If 15.50g of Pb(No3)2 are reacted with 3.81g of NaCl then NaNo3 and with PbCl are formed what is the mass of PbCl
To solve this problem, we need to use stoichiometry and the concept of limiting reactant.
1. Write the balanced chemical equation for the reaction:
Pb(No3)2 + 2NaCl -> 2NaNo3 + PbCl2
2. Calculate the number of moles of each reactant:
- Moles of Pb(No3)2 = 15.50g / 331.2 g/mol = 0.0468 mol
- Moles of NaCl = 3.81g / 58.44 g/mol = 0.0652 mol
3. Determine the limiting reactant:
We can see from the balanced equation that the stoichiometric ratio of Pb(No3)2 to NaCl is 1:2. Therefore, for every 1 mole of Pb(No3)2, we need 2 moles of NaCl to completely react. In this case, we have more moles of NaCl than what is required according to the ratio, so Pb(No3)2 is the limiting reactant.

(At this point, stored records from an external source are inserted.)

text \<open>Cauchy--Schwarz on the part of X outside C.\<close>
lemma square_sum_le_outside:
  fixes x :: "'a \<Rightarrow> real"
  assumes "finite X" "X \<noteq> {}" "\<And>u. u \<in> C \<Longrightarrow> x u = 0"
  shows "(\<Sum>u\<in>X. x u)\<^sup>2 / card X \<le> (1 - card (C \<inter> X) / card X) * (\<Sum>u\<in>X. (x u)\<^sup>2)"
proof -
  have n: "0 < real (card X)" using assms(1,2) by (simp add: card_gt_0_iff)
  have "(\<Sum>u\<in>X. x u) = (\<Sum>u\<in>X - C. x u)"
    using assms by (intro sum.mono_neutral_right) auto
  moreover have "(\<Sum>u\<in>X. (x u)\<^sup>2) = (\<Sum>u\<in>X - C. (x u)\<^sup>2)"
    using assms by (intro sum.mono_neutral_right) auto
  ultimately have "(\<Sum>u\<in>X. x u)\<^sup>2 \<le> card (X - C) * (\<Sum>u\<in>X. (x u)\<^sup>2)"
    using Cauchy_Schwarz_ineq_sum[of "\<lambda>_. 1" x "X - C"] by simp
  moreover have "real (card (X - C)) = card X * (1 - card (C \<inter> X) / card X)"
  proof -
    have "card (X - C) = card X - card (C \<inter> X)" "card (C \<inter> X) \<le> card X"
      using assms(1) by (simp_all add: card_Diff_subset_Int card_mono Int_commute)
    then show ?thesis using n by (simp add: of_nat_diff field_simps)
  qed
  ultimately have "(\<Sum>u\<in>X. x u)\<^sup>2 \<le> (1 - card (C \<inter> X) / card X) * (\<Sum>u\<in>X. (x u)\<^sup>2) * card X"
    by (simp add: mult_ac)
  then show ?thesis using n by (simp add: pos_divide_le_eq)
qed

section \<open>Equitable partitions\<close>

text \<open>Q plays the role of the quotient matrix S.\<close>
locale equitable_partition =
  fixes V :: "'a set" and M :: "'a \<Rightarrow> 'a \<Rightarrow> real" and k :: nat
    and P :: "nat \<Rightarrow> 'a set" and Q :: "nat \<Rightarrow> nat \<Rightarrow> real"
  assumes finite_V: "finite V"
    and symmetric: "M u w = M w u"
    and nonneg: "0 \<le> M u w"
    and cell_nonempty: "i < k \<Longrightarrow> P i \<noteq> {}"
    and cells_disjoint: "i < k \<Longrightarrow> j < k \<Longrightarrow> i \<noteq> j \<Longrightarrow> P i \<inter> P j = {}"
    and cells_cover: "(\<Union>i<k. P i) = V"
    and row_sums: "i < k \<Longrightarrow> j < k \<Longrightarrow> u \<in> P i \<Longrightarrow> (\<Sum>w\<in>P j. M u w) = Q i j"
begin

lemma cell_subset: "i < k \<Longrightarrow> P i \<subseteq> V"
  using cells_cover by blast

lemma finite_cell: "i < k \<Longrightarrow> finite (P i)"
  using cell_subset finite_V finite_subset by blast

lemma card_cell_pos: "i < k \<Longrightarrow> 0 < card (P i)"
  using finite_cell cell_nonempty by (simp add: card_gt_0_iff)

definition cell :: "'a \<Rightarrow> nat" where
  "cell u = (THE i. i < k \<and> u \<in> P i)"

lemma cell_eqI: "i < k \<Longrightarrow> u \<in> P i \<Longrightarrow> cell u = i"
  unfolding cell_def using cells_disjoint by (intro the_equality) blast+

lemma cell_less: "u \<in> V \<Longrightarrow> cell u < k"
  and mem_cell: "u \<in> V \<Longrightarrow> u \<in> P (cell u)"
  using cells_cover cell_eqI by auto

lemma sum_over_cells: "(\<Sum>u\<in>V. f u) = (\<Sum>i<k. \<Sum>u\<in>P i. f u)"
  unfolding cells_cover[symmetric] using finite_cell cells_disjoint
  by (intro sum.UNION_disjoint) auto

lemma mat_vec_cell_const:
  assumes "u \<in> V"
  shows "mat_vec M V (\<lambda>w. g (cell w)) u = (\<Sum>j<k. Q (cell u) j * g j)"
proof -
  have "mat_vec M V (\<lambda>w. g (cell w)) u = (\<Sum>j<k. (\<Sum>w\<in>P j. M u w) * g j)"
    unfolding mat_vec_def sum_over_cells by (intro sum.cong refl) (simp add: sum_distrib_right cell_eqI)
  also have "\<dots> = (\<Sum>j<k. Q (cell u) j * g j)"
    using row_sums cell_less[OF assms] mem_cell[OF assms] by simp
  finally show ?thesis .
qed

text \<open>The orthogonal complement W-perp of the cell indicators, inside the vectors on V.\<close>
definition bulk_space :: "('a \<Rightarrow> real) set" where
  "bulk_space = supp_on V \<inter> {x. \<forall>i<k. (\<Sum>u\<in>P i. x u) = 0}"

lemma bulk_space_orthogonal_cell_const:
  assumes "z \<in> bulk_space"
  shows "(\<Sum>u\<in>V. z u * g (cell u)) = 0"
proof -
  have "(\<Sum>u\<in>V. z u * g (cell u)) = (\<Sum>i<k. (\<Sum>u\<in>P i. z u) * g i)"
    unfolding sum_over_cells by (intro sum.cong refl) (simp add: sum_distrib_right cell_eqI)
  also have "\<dots> = 0" using assms unfolding bulk_space_def by simp
  finally show ?thesis .
qed

lemma bilin_form_cell_const_bulk_space:
  assumes "z \<in> bulk_space"
  shows "bilin_form M V (\<lambda>u. g (cell u)) z = 0"
proof -
  have "bilin_form M V (\<lambda>u. g (cell u)) z = inner_on V z (mat_vec M V (\<lambda>u. g (cell u)))"
    using bilin_form_commute[of M V "\<lambda>u. g (cell u)" z] symmetric
    by (simp add: bilin_form_eq_inner_on_mat_vec)
  also have "\<dots> = (\<Sum>u\<in>V. z u * (\<lambda>i. \<Sum>j<k. Q i j * g j) (cell u))"
    unfolding inner_on_def by (intro sum.cong refl) (simp add: mat_vec_cell_const)
  also have "\<dots> = 0" by (rule bulk_space_orthogonal_cell_const[OF assms])
  finally show ?thesis .
qed

lemma invariant_subspace_bulk_space: "invariant_subspace V M bulk_space"
  unfolding invariant_subspace_def
proof (intro conjI ballI allI)
  show "closed bulk_space"
    unfolding bulk_space_def
    by (intro closed_Int closed_supp_on closed_Collect_all closed_Collect_imp open_Collect_const
        closed_Collect_eq continuous_on_product_coordinates continuous_on_const continuous_intros)
  show "bulk_space \<subseteq> supp_on V" unfolding bulk_space_def by blast
  show "(\<lambda>u. a * x u + b * y u) \<in> bulk_space" if "x \<in> bulk_space" "y \<in> bulk_space" for x y a b
    using that unfolding bulk_space_def supp_on_def
    by (simp add: sum.distrib sum_distrib_left[symmetric])
  fix z assume z: "z \<in> bulk_space"
  have "(\<Sum>u\<in>P i. if u \<in> V then mat_vec M V z u else 0) = 0" if "i < k" for i
  proof -
    have "{u \<in> V. cell u = i} = P i"
      using cell_subset[OF that] cell_eqI[OF that] mem_cell by auto
    have "(\<Sum>u\<in>P i. if u \<in> V then mat_vec M V z u else 0) = (\<Sum>u\<in>P i. mat_vec M V z u)"
      using cell_subset[OF that] by (intro sum.cong) auto
    also have "\<dots> = (\<Sum>u\<in>V. if cell u = i then mat_vec M V z u else 0)"
      using finite_V \<open>{u \<in> V. cell u = i} = P i\<close> by (simp add: sum.inter_filter[symmetric])
    also have "\<dots> = (\<Sum>u\<in>V. (if cell u = i then 1 else 0) * mat_vec M V z u)"
      by (intro sum.cong) auto
    also have "\<dots> = bilin_form M V (\<lambda>u. if cell u = i then 1 else 0) z"
      by (simp add: bilin_form_eq_inner_on_mat_vec inner_on_def)
    also have "\<dots> = 0" by (rule bilin_form_cell_const_bulk_space[OF z])
    finally show ?thesis .
  qed
  then show "(\<lambda>u. if u \<in> V then mat_vec M V z u else 0) \<in> bulk_space"
    unfolding bulk_space_def supp_on_def by simp
qed

definition cell_mean :: "('a \<Rightarrow> real) \<Rightarrow> nat \<Rightarrow> real" where
  "cell_mean x i = (\<Sum>w\<in>P i. x w) / card (P i)"

definition cell_avg :: "('a \<Rightarrow> real) \<Rightarrow> 'a \<Rightarrow> real" where
  "cell_avg x u = (if u \<in> V then cell_mean x (cell u) else 0)"

lemma cell_avg_supp_on: "cell_avg x \<in> supp_on V"
  unfolding cell_avg_def supp_on_def by simp

lemma residual_in_bulk_space:
  assumes "x \<in> supp_on V"
  shows "(\<lambda>u. x u - cell_avg x u) \<in> bulk_space"
proof -
  have "(\<Sum>u\<in>P i. x u - cell_avg x u) = 0" if "i < k" for i
  proof -
    have "(\<Sum>u\<in>P i. cell_avg x u) = (\<Sum>u\<in>P i. cell_mean x i)"
      unfolding cell_avg_def using cell_subset[OF that] cell_eqI[OF that] by (intro sum.cong) auto
    also have "\<dots> = (\<Sum>u\<in>P i. x u)"
      using card_cell_pos[OF that] unfolding cell_mean_def by simp
    finally show ?thesis by (simp add: sum_subtractf)
  qed
  then show ?thesis using assms unfolding bulk_space_def supp_on_def cell_avg_def by auto
qed

lemma orthogonal_cell_avg_bulk_space:
  assumes "z \<in> bulk_space"
  shows "inner_on V (cell_avg x) z = 0" and "bilin_form M V (cell_avg x) z = 0"
proof -
  show "inner_on V (cell_avg x) z = 0"
    using bulk_space_orthogonal_cell_const[OF assms, of "cell_mean x"]
    unfolding inner_on_def cell_avg_def by (simp add: mult.commute)
  have "bilin_form M V (cell_avg x) z = bilin_form M V (\<lambda>u. cell_mean x (cell u)) z"
    unfolding bilin_form_def cell_avg_def by (intro sum.cong refl) simp
  then show "bilin_form M V (cell_avg x) z = 0"
    using bilin_form_cell_const_bulk_space[OF assms] by simp
qed

lemma cell_avg_pythagoras:
  assumes "x \<in> supp_on V"
  defines "z \<equiv> \<lambda>u. x u - cell_avg x u"
  shows "bilin_form M V x x = bilin_form M V (cell_avg x) (cell_avg x) + bilin_form M V z z"
    and "inner_on V x x = inner_on V (cell_avg x) (cell_avg x) + inner_on V z z"
proof -
  have x: "(\<lambda>u. cell_avg x u + 1 * z u) = x" unfolding z_def by simp
  have "z \<in> bulk_space" unfolding z_def by (rule residual_in_bulk_space[OF assms(1)])
  note orthogonal = orthogonal_cell_avg_bulk_space[OF this, of x]
  show "bilin_form M V x x = bilin_form M V (cell_avg x) (cell_avg x) + bilin_form M V z z"
    using bilin_form_add_scale[of M V "cell_avg x" 1 z] symmetric orthogonal unfolding x by simp
  show "inner_on V x x = inner_on V (cell_avg x) (cell_avg x) + inner_on V z z"
    using inner_on_add_scale[of V "cell_avg x" 1 z] orthogonal unfolding x by simp
qed

lemma eigvec_lift_cell_const:
  assumes "is_eigvec_on {..<k} Q \<mu> a"
  shows "is_eigvec_on V M \<mu> (\<lambda>u. if u \<in> V then a (cell u) else 0)"
  unfolding is_eigvec_on_def
proof (intro conjI allI impI ballI)
  obtain i where "i < k" "a i \<noteq> 0" using assms unfolding is_eigvec_on_def by auto
  then obtain v where "v \<in> P i" using cell_nonempty by blast
  then show "\<exists>v\<in>V. (if v \<in> V then a (cell v) else 0) \<noteq> 0"
    using \<open>i < k\<close> \<open>a i \<noteq> 0\<close> cell_subset cell_eqI by (intro bexI[of _ v]) auto
  fix u assume "u \<in> V"
  have "(\<Sum>w\<in>V. M u w * (if w \<in> V then a (cell w) else 0)) = mat_vec M V (\<lambda>w. a (cell w)) u"
    unfolding mat_vec_def by (intro sum.cong) auto
  also have "\<dots> = \<mu> * a (cell u)"
    using assms cell_less[OF \<open>u \<in> V\<close>] unfolding mat_vec_cell_const[OF \<open>u \<in> V\<close>] is_eigvec_on_def by simp
  finally show "(\<Sum>w\<in>V. M u w * (if w \<in> V then a (cell w) else 0)) = \<mu> * (if u \<in> V then a (cell u) else 0)"
    using \<open>u \<in> V\<close> by simp
qed simp

lemma finite_Q_eigenvalues: "finite {\<mu>. is_eigenvalue_on {..<k} Q \<mu>}"
proof (rule finite_subset[OF _ finite_eigenvalues[OF finite_V symmetric]])
  show "{\<mu>. is_eigenvalue_on {..<k} Q \<mu>} \<subseteq> {\<mu>. is_eigenvalue_on V M \<mu>}"
    using eigvec_lift_cell_const unfolding is_eigenvalue_on_def by blast
qed

lemma le_max_eigenvalue_Q: "is_eigenvalue_on {..<k} Q \<mu> \<Longrightarrow> \<mu> \<le> max_eigenvalue {..<k} Q"
  unfolding max_eigenvalue_def using finite_Q_eigenvalues by simp

lemma cell_const_eigvec_Q_eigenvalue:
  assumes eig: "\<And>u. u \<in> V \<Longrightarrow> mat_vec M V (\<lambda>w. g (cell w)) u = \<mu> * g (cell u)"
    and "i < k" "g i \<noteq> 0"
  shows "is_eigenvalue_on {..<k} Q \<mu>"
  unfolding is_eigenvalue_on_def is_eigvec_on_def
proof (intro exI[of _ "\<lambda>j. if j < k then g j else 0"] conjI ballI allI impI)
  show "\<exists>j\<in>{..<k}. (if j < k then g j else 0) \<noteq> 0" using assms(2,3) by auto
  fix j assume "j \<in> {..<k}"
  then obtain v where v: "v \<in> P j" using cell_nonempty by blast
  then have "v \<in> V" "cell v = j" using \<open>j \<in> {..<k}\<close> cell_subset cell_eqI by auto
  then show "(\<Sum>l\<in>{..<k}. Q j l * (if l < k then g l else 0)) = \<mu> * (if j < k then g j else 0)"
    using eig[OF \<open>v \<in> V\<close>] \<open>j \<in> {..<k}\<close> mat_vec_cell_const[OF \<open>v \<in> V\<close>] by simp
qed simp

text \<open>Perron-type argument: with x also |x| is a maximizer, and so is its cell average,
  which is a nonzero cell-constant eigenvector.\<close>
lemma rayleigh_max_is_Q_eigenvalue:
  assumes bound: "\<And>x. x \<in> supp_on V \<Longrightarrow> bilin_form M V x x \<le> m * inner_on V x x"
    and max: "\<And>x u. x \<in> supp_on V \<Longrightarrow> bilin_form M V x x = m * inner_on V x x \<Longrightarrow> u \<in> V \<Longrightarrow>
                mat_vec M V x u = m * x u"
    and x: "is_eigvec_on V M m x"
  shows "is_eigenvalue_on {..<k} Q m"
proof -
  define ax where "ax u = \<bar>x u\<bar>" for u
  have "x \<in> supp_on V" using x unfolding is_eigvec_on_def supp_on_def by simp
  then have ax: "ax \<in> supp_on V" unfolding ax_def supp_on_def by simp
  have "bilin_form M V ax ax = m * inner_on V ax ax"
    unfolding ax_def using maximizer_abs[OF nonneg bound \<open>x \<in> supp_on V\<close> bilin_form_eigvec[OF x]] .
  moreover have "(\<lambda>u. ax u - cell_avg ax u) \<in> supp_on V"
    using residual_in_bulk_space[OF ax] unfolding bulk_space_def by blast
  ultimately have "bilin_form M V (cell_avg ax) (cell_avg ax) = m * inner_on V (cell_avg ax) (cell_avg ax)"
    using bound[OF cell_avg_supp_on, of ax] bound[of "\<lambda>u. ax u - cell_avg ax u"]
    unfolding cell_avg_pythagoras[OF ax] distrib_left by linarith
  from max[OF cell_avg_supp_on this]
  have eig: "mat_vec M V (\<lambda>w. cell_mean ax (cell w)) u = m * cell_mean ax (cell u)" if "u \<in> V" for u
    using that unfolding cell_avg_def mat_vec_def by simp
  obtain u where "u \<in> V" "x u \<noteq> 0" using x unfolding is_eigvec_on_def by blast
  have "0 < cell_mean ax (cell u)"
  proof -
    have "ax u \<le> (\<Sum>w\<in>P (cell u). ax w)"
      using finite_cell cell_less mem_cell \<open>u \<in> V\<close> by (intro member_le_sum) (auto simp: ax_def)
    then show ?thesis
      using \<open>x u \<noteq> 0\<close> card_cell_pos[OF cell_less[OF \<open>u \<in> V\<close>]] unfolding cell_mean_def ax_def by simp
  qed
  then have "cell_mean ax (cell u) \<noteq> 0" by simp
  then show ?thesis
    using cell_const_eigvec_Q_eigenvalue[where g = "cell_mean ax", OF eig cell_less[OF \<open>u \<in> V\<close>]] by blast
qed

4. Calculate the number of moles of the products:
- Moles of NaNo3 formed = 2 x 0.0468 mol = 0.0936 mol
- Moles of PbCl2 formed = 0.0468 mol
5. Calculate the mass of PbCl2 formed:
Mass of PbCl2 = moles x molar mass = 0.0468 mol x 278.1 g/mol = 13.0 g
Therefore, the mass of PbCl2 formed is 13.0 g.